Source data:
(* Let $\theta\mapsto\mathcal E_\theta$ be a family of quantum channels on $d\times d$ matrices with Liouville representation $T_\theta$, and let $\theta_0$ be a parameter value. Suppose that all the peripheral eigenvectors $\{\lim_{\theta\to\theta_0}|R_i\rangle\rangle\}_i$ of $T_\theta$ are mutually orthogonal, and that there exists some peripheral eigenvalue $\lambda_j$ with $\dot\lambda_j\neq0$. Then the sequential QFI of $N$ channels can achieve the Heisenberg limit at $\theta=\theta_0$: there exists an input state $\rho_0$ (independent of $N$) such that the quantum Fisher information of $\mathcal E_\theta^N(\rho_0)$ at $\theta=\theta_0$ scales as $N^2$, i.e. $\liminf_{N\to\infty}F^Q(\mathcal E_\theta^N(\rho_0))|_{\theta=\theta_0}/N^2>0$.
   Context: A quantum channel with Kraus operators $\{K_i^\theta\}$, $\mathcal E_\theta(\rho)=\sum_iK_i^\theta\rho K_i^{\theta\dagger}$, has Liouville representation $T_\theta=\sum_iK_i^\theta\otimes K_i^{\theta*}$, a $d^2\times d^2$ matrix with $T_\theta|\rho\rangle\rangle=|\mathcal E_\theta(\rho)\rangle\rangle$, where $|\rho\rangle\rangle=(\rho_{11},\rho_{12},\dots,\rho_{dd})^T$ is the vectorization of $\rho$ and $\langle\langle A|B\rangle\rangle=\operatorname{Tr}(A^\dagger B)$. Eigenvalues $\lambda_i$ of $T_\theta$ with $|\lambda_i|=1$ are called peripheral eigenvalues and their eigenvectors $|R_i\rangle\rangle$ (with corresponding eigenmatrices $R_i$) peripheral eigenvectors. Eigenvalues, eigenvectors and expansion coefficients are assumed to be continuously differentiable in $\theta$; a dot denotes $d/d\theta$. The quantum Fisher information of $\rho_\theta$ is $F^Q(\rho_\theta)=\operatorname{Tr}(\rho_\theta L_{\rho_\theta}^2)$ where the symmetric logarithmic derivative $L_{\rho_\theta}$ satisfies $2\dot\rho_\theta=\rho_\theta L_{\rho_\theta}+L_{\rho_\theta}\rho_\theta$. No ancilla and no interleaved control are used: the output state is $\mathcal E_\theta^N(\rho_0)$. *)

theory Defs
  imports "HOL-Analysis.Analysis"
begin

text \<open>d x d complex matrices are rendered as complex^'n^'n with 'n a finite index
type (d = CARD('n)). Superoperators (d^2 x d^2) act on complex^('n \<times> 'n).\<close>

definition cadj :: "complex^'n^'n \<Rightarrow> complex^'n^'n" where
  "cadj A = (\<chi> i j. cnj (A $ j $ i))"

definition cconj :: "complex^'n^'n \<Rightarrow> complex^'n^'n" where
  "cconj A = (\<chi> i j. cnj (A $ i $ j))"

definition vecz :: "complex^'n^'n \<Rightarrow> complex^('n \<times> 'n)" where
  "vecz A = (\<chi> p. A $ fst p $ snd p)"

definition hs_inner :: "complex^'n^'n \<Rightarrow> complex^'n^'n \<Rightarrow> complex" where
  "hs_inner A B = trace (cadj A ** B)"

## ACTIVITY
Filter the entries above down to the lines that hold the word "Rightarrow", and copy those lines.

## OUTPUT BELOW
definition cadj :: "complex^'n^'n \<Rightarrow> complex^'n^'n" where
definition cconj :: "complex^'n^'n \<Rightarrow> complex^'n^'n" where
definition vecz :: "complex^'n^'n \<Rightarrow> complex^('n \<times> 'n)" where
definition hs_inner :: "complex^'n^'n \<Rightarrow> complex^'n^'n \<Rightarrow> complex" where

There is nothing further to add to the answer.